Provided records:

(* Let $\tilde{\boldsymbol x}\in L^2(\Omega,\mathbb R^m)$, $\tilde{\boldsymbol y}\in L^2(\Omega,\mathbb R^n)$ be zero-mean, and let $\tilde{\boldsymbol v}_1=\tilde{\boldsymbol y},\tilde{\boldsymbol v}_2,\ldots,\tilde{\boldsymbol v}_p\in L^2(\Omega,\mathbb R^n)$ be zero-mean and pairwise orthogonal ($E[\tilde{\boldsymbol v}_i\tilde{\boldsymbol v}_j^T]=\mathbb O$ for $i\neq j$). Let $\eta_1,\ldots,\eta_p$ be nonnegative integers with $\sum\eta_k\le\min\{m,n\}$. For each $k$ let $\beta_{k1}\ge\beta_{k2}\ge\cdots\ge0$ be the singular values of $E_{\tilde x\tilde v_k}(E_{\tilde v_k\tilde v_k}^{1/2})^\dagger$ and $G_{k\eta_k}$ the rank-$\le\eta_k$ truncation of its SVD (keeping the $\eta_k$ largest singular values). Let $\mathcal T_p^*(\tilde{\boldsymbol y})=\sum_{k=1}^pG_{k\eta_k}(E_{\tilde v_k\tilde v_k}^{1/2})^\dagger\tilde{\boldsymbol v}_k$, and let the Karhunen–Loève transform of rank $\eta_1$ be $\mathcal T_{\rm KLT}(\tilde{\boldsymbol y})=G_{1\eta_1}(E_{\tilde y\tilde y}^{1/2})^\dagger\tilde{\boldsymbol y}$ (the case $p=1$). Then $$E\big[\|\tilde{\boldsymbol x}-\mathcal T_p^*(\tilde{\boldsymbol y})\|^2\big]=E\big[\|\tilde{\boldsymbol x}-\mathcal T_{\rm KLT}(\tilde{\boldsymbol y})\|^2\big]-\sum_{k=2}^p\sum_{j=1}^{\eta_k}\beta_{kj}^2 .$$
   Context: $E[\cdot]$ denotes expectation on a probability space $(\Omega,\Sigma,\mu)$; $E_{gh}:=E[\boldsymbol g\boldsymbol h^T]$ for random vectors $\boldsymbol g,\boldsymbol h$. $M^\dagger$ is the Moore–Penrose pseudo-inverse and $M^{1/2}$ the symmetric PSD square root. For vectors $\|\cdot\|$ is the Euclidean norm, for matrices the Frobenius norm. Matrices act on random vectors pointwise in $\omega$. *)

theory Defs
  imports "HOL-Probability.Probability"
begin

definition cross_cov :: "'a measure \<Rightarrow> ('a \<Rightarrow> real^'m) \<Rightarrow> ('a \<Rightarrow> real^'n) \<Rightarrow> real^'n^'m" where
  "cross_cov M g h = (\<chi> i j. integral\<^sup>L M (\<lambda>\<omega>. g \<omega> $ i * h \<omega> $ j))"

definition outer :: "real^'m \<Rightarrow> real^'n \<Rightarrow> real^'n^'m" where
  "outer u v = (\<chi> i j. u $ i * v $ j)"

definition psd_mat :: "real^'n^'n \<Rightarrow> bool" where
  "psd_mat A \<longleftrightarrow> transpose A = A \<and> (\<forall>x. 0 \<le> x \<bullet> (A *v x))"
lemma has_vector_derivative_piF:
  assumes "schwartz kappa" and "schwartz h" and "lam \<noteq> 0"
  shows "((\<lambda>l. piF l mu kappa h u) has_vector_derivative
           (\<integral>x. \<i> * pi_phase_deriv lam mu u x * (kappa x * pi_kernel lam mu h u x) \<partial>lborel)) (at lam)"
proof -
  note [measurable] = schwartz_measurable[OF assms(1)] schwartz_measurable[OF assms(2)]
  obtain Hb where Hb: "\<And>y. norm (h y) \<le> Hb"
    using schwartz_decay[OF assms(2), of 0] by auto
  define K where "K = 2 * \<bar>mu\<bar> / lam\<^sup>2 + 3 * (1 + \<bar>u\<bar>)\<^sup>2"
  define G where "G x = Hb * K * (1 + norm x) ^ 3 * norm (kappa x)" for x
  have "((\<lambda>l. \<integral>x. kappa x * pi_kernel l mu h u x \<partial>lborel) has_vector_derivative
      (\<integral>x. \<i> * pi_phase_deriv lam mu u x * (kappa x * pi_kernel lam mu h u x) \<partial>lborel)) (at lam)"
  proof (rule has_vector_derivative_integral[where r="\<bar>lam\<bar> / 2" and G=G])
    show "\<bar>lam\<bar> / 2 > 0"
      using assms(3) by simp
    show "(\<lambda>x. kappa x * pi_kernel l mu h u x) \<in> borel_measurable lborel" for l
      by measurable
    show "(\<lambda>x. \<i> * pi_phase_deriv lam mu u x * (kappa x * pi_kernel lam mu h u x)) \<in> borel_measurable lborel"
      unfolding pi_phase_deriv_def by measurable
    show "integrable lborel (\<lambda>x. kappa x * pi_kernel lam mu h u x)"
      using integrable_pi_moment[OF assms(1,2), where m="\<lambda>_. 1" and k=0] by simp
    show "integrable lborel G"
      unfolding G_def
      by (intro integrableI_schwartz_dominated[OF assms(1), where C="\<bar>Hb * K\<bar>" and k=3])
        (auto simp: abs_mult)
  next
    fix l x
    assume l: "\<bar>l - lam\<bar> < \<bar>lam\<bar> / 2"
    have "l \<noteq> 0"
      using l by auto
    then show "((\<lambda>l. kappa x * pi_kernel l mu h u x) has_vector_derivative
        \<i> * pi_phase_deriv l mu u x * (kappa x * pi_kernel l mu h u x)) (at l)"
      using has_vector_derivative_mult_right[OF has_vector_derivative_pi_kernel[of l mu h u x], where a="kappa x"]
      by (auto simp: mult_ac)
    have pd: "\<bar>pi_phase_deriv l mu u x\<bar> \<le> K * (1 + norm x) ^ 3"
      unfolding K_def using assms(3) l by (rule abs_pi_phase_deriv_le_near)
    have "norm (\<i> * pi_phase_deriv l mu u x * (kappa x * pi_kernel l mu h u x))
        = \<bar>pi_phase_deriv l mu u x\<bar> * (norm (kappa x) * norm (h (u - c1 x)))"
      by (simp add: norm_mult norm_pi_kernel)
    also have "\<dots> \<le> (K * (1 + norm x) ^ 3) * (norm (kappa x) * Hb)"
      using pd Hb by (intro mult_mono mult_left_mono) auto
    also have "\<dots> = G x"
      by (simp add: G_def mult_ac)
    finally show "norm (\<i> * pi_phase_deriv l mu u x * (kappa x * pi_kernel l mu h u x)) \<le> G x" .
  qed
  then show ?thesis
    by (simp add: piF_eq_integral_pi_kernel)
qed
lemma sin_profile_eq_trig_seq:
  "sin_profile K w = trig_seq w (sin ((real K + 2) / 2 * w) / 2) (- cos ((real K + 2) / 2 * w) / 2)"
proof
  fix j
  define N y where "N = (real K + 2) / 2 * w" and "y = real j * w / 2"
  have e: "(real K + 2 - real j) / 2 * w = N - y" "real j * w = 2 * y"
    unfolding N_def y_def by (simp_all add: field_simps)
  have "sin_profile K w j = trig_seq w (sin N / 2) (- cos N / 2) j"
    unfolding sin_profile_def trig_seq_def e y_def[symmetric] sin_diff sin_double cos_double_sin
    by (simp add: algebra_simps power2_eq_square)
  then show "sin_profile K w j = trig_seq w (sin ((real K + 2) / 2 * w) / 2) (- cos ((real K + 2) / 2 * w) / 2) j"
    unfolding N_def .
qed

lemma trig_seq_vanishing_at_end:
  assumes "trig_seq w A B (K + 2) = 0" and "sin ((real K + 2) / 2 * w) \<noteq> 0"
  obtains c where "trig_seq w A B = (\<lambda>j. c * sin_profile K w j)"
proof -
  define N where "N = (real K + 2) / 2 * w"
  have "real (K + 2) * w = 2 * N" unfolding N_def by simp
  then have "A * sin (2 * N) + B * (1 - cos (2 * N)) = 0"
    using assms(1) unfolding trig_seq_def by simp
  then have "2 * sin N * (A * cos N + B * sin N) = 0"
    unfolding sin_double cos_double_sin by (simp add: algebra_simps power2_eq_square)
  then have BA: "B * sin N = - (A * cos N)" using assms(2) unfolding N_def by simp
  define t where "t = A * sin N - B * cos N"
  have "A = t * sin N" "B = - t * cos N"
    using BA sin_cos_squared_add[of N] unfolding t_def by algebra+
  then have "trig_seq w A B = (\<lambda>j. 2 * t * sin_profile K w j)"
    unfolding sin_profile_eq_trig_seq N_def[symmetric] by (auto simp: trig_seq_def algebra_simps)
  then show thesis by (rule that)
qed

lemma omega_gt_third:
  assumes "1 / 3 < \<alpha>"
  shows cos_omega: "cos (omega \<alpha>) = (1 - \<alpha>) / (2 * \<alpha>)"
    and omega_pos: "0 < omega \<alpha>"
    and omega_less_2pi_3: "omega \<alpha> < 2 * pi / 3"
proof -
  define x where "x = (1 - \<alpha>) / (2 * \<alpha>)"
  have x: "- 1 / 2 < x" "x < 1" using assms unfolding x_def by (simp_all add: field_simps)
  show "cos (omega \<alpha>) = (1 - \<alpha>) / (2 * \<alpha>)"
    using x unfolding omega_def x_def[symmetric] by (simp add: cos_arccos)
  show "0 < omega \<alpha>"
    using arccos_less_arccos[of x 1] x unfolding omega_def x_def[symmetric] by simp
  have "arccos (- 1 / 2) = 2 * pi / 3" by (simp add: arccos_unique cos_120)
  then show "omega \<alpha> < 2 * pi / 3"
    using arccos_less_arccos[of "- 1 / 2" x] x unfolding omega_def x_def[symmetric] by simp
qed
(* Let $(\mathcal Q,d)$ be a Hadamard space, $Y$ a $\mathcal Q$-valued random variable and $o\in\mathcal Q$; consider the Fréchet median set $M:=\arg\min_{q\in\mathcal Q}\mathbb E[d(Y,q)-d(Y,o)]$. (i) Suppose there is no Borel set $U\subset\mathcal Q$ with $\mathbb P(Y\in U)=1$ that is contained in the union of the images of a family of geodesics all of whose images contain a common geodesic segment of positive length. Then $M$ consists of exactly one point. (ii) Suppose moreover that $(\mathcal Q,d)$ is non-branching and that there is no geodesic $\gamma$ with $\mathbb P(Y\in\gamma(I_\gamma))=1$. Then $M$ consists of exactly one point.
   Context: A Hadamard space is a complete metric space $(\mathcal Q,d)$ such that for all $y_0,y_1$ there is $m$ with $\frac12 d(y_0,q)^2+\frac12 d(y_1,q)^2-\frac14 d(y_0,y_1)^2\ge d(q,m)^2$ for all $q$. A geodesic is a map $\gamma:I_\gamma\to\mathcal Q$ on an interval with $d(\gamma(r),\gamma(t))=d(\gamma(r),\gamma(s))+d(\gamma(s),\gamma(t))$ for $r<s<t$; a geodesic segment is a closed bounded set that is the image of a geodesic. A geodesic space is non-branching if whenever $y,p,q\in\mathcal Q$ and unit-speed geodesics $\gamma_{y\to p},\gamma_{y\to q}$ from $y$ to $p$ and from $y$ to $q$ satisfy $\gamma_{y\to p}(d(y,p)/2)=\gamma_{y\to q}(d(y,q)/2)$, then $p=q$. *)

theory Defs
  imports "HOL-Probability.Probability"
begin

text \<open>Hadamard space condition (completeness is provided by the type class complete_space).\<close>
definition hadamard :: "'a::complete_space itself \<Rightarrow> bool" where
  "hadamard _ \<longleftrightarrow> (\<forall>y0 y1::'a. \<exists>m. \<forall>q.
      (1/2) * (dist y0 q)\<^sup>2 + (1/2) * (dist y1 q)\<^sup>2 - (1/4) * (dist y0 y1)\<^sup>2 \<ge> (dist q m)\<^sup>2)"

definition geodesic :: "real set \<Rightarrow> (real \<Rightarrow> 'a::metric_space) \<Rightarrow> bool" where
  "geodesic I \<gamma> \<longleftrightarrow> is_interval I \<and>
     (\<forall>r\<in>I. \<forall>s\<in>I. \<forall>t\<in>I. r < s \<and> s < t \<longrightarrow>
        dist (\<gamma> r) (\<gamma> t) = dist (\<gamma> r) (\<gamma> s) + dist (\<gamma> s) (\<gamma> t))"

definition geodesic_segment :: "'a::metric_space set \<Rightarrow> bool" where
  "geodesic_segment S \<longleftrightarrow> closed S \<and> bounded S \<and> (\<exists>I \<gamma>. geodesic I \<gamma> \<and> S = \<gamma> ` I)"

definition unit_geodesic_from_to :: "(real \<Rightarrow> 'a::metric_space) \<Rightarrow> 'a \<Rightarrow> 'a \<Rightarrow> bool" where
  "unit_geodesic_from_to \<gamma> y p \<longleftrightarrow> \<gamma> 0 = y \<and> \<gamma> (dist y p) = p \<and>
     (\<forall>s\<in>{0..dist y p}. \<forall>t\<in>{0..dist y p}. dist (\<gamma> s) (\<gamma> t) = \<bar>s - t\<bar>)"

definition non_branching :: "'a::metric_space itself \<Rightarrow> bool" where
  "non_branching _ \<longleftrightarrow> (\<forall>(y::'a) p q \<gamma>1 \<gamma>2.
      unit_geodesic_from_to \<gamma>1 y p \<and> unit_geodesic_from_to \<gamma>2 y q \<and>
      \<gamma>1 (dist y p / 2) = \<gamma>2 (dist y q / 2) \<longrightarrow> p = q)"

definition frechet_median_set :: "'m measure \<Rightarrow> ('m \<Rightarrow> 'a::metric_space) \<Rightarrow> 'a \<Rightarrow> 'a set" where
  "frechet_median_set P Y x0 = {q. \<forall>p.
      prob_space.expectation P (\<lambda>\<omega>. dist (Y \<omega>) q - dist (Y \<omega>) x0)
      \<le> prob_space.expectation P (\<lambda>\<omega>. dist (Y \<omega>) p - dist (Y \<omega>) x0)}"

end

theory Submission
  imports Defs
begin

Exercise objective: Go through the listing above and report how many of its lines contain the word "auto", with only the number as output.

Reply to the task: 6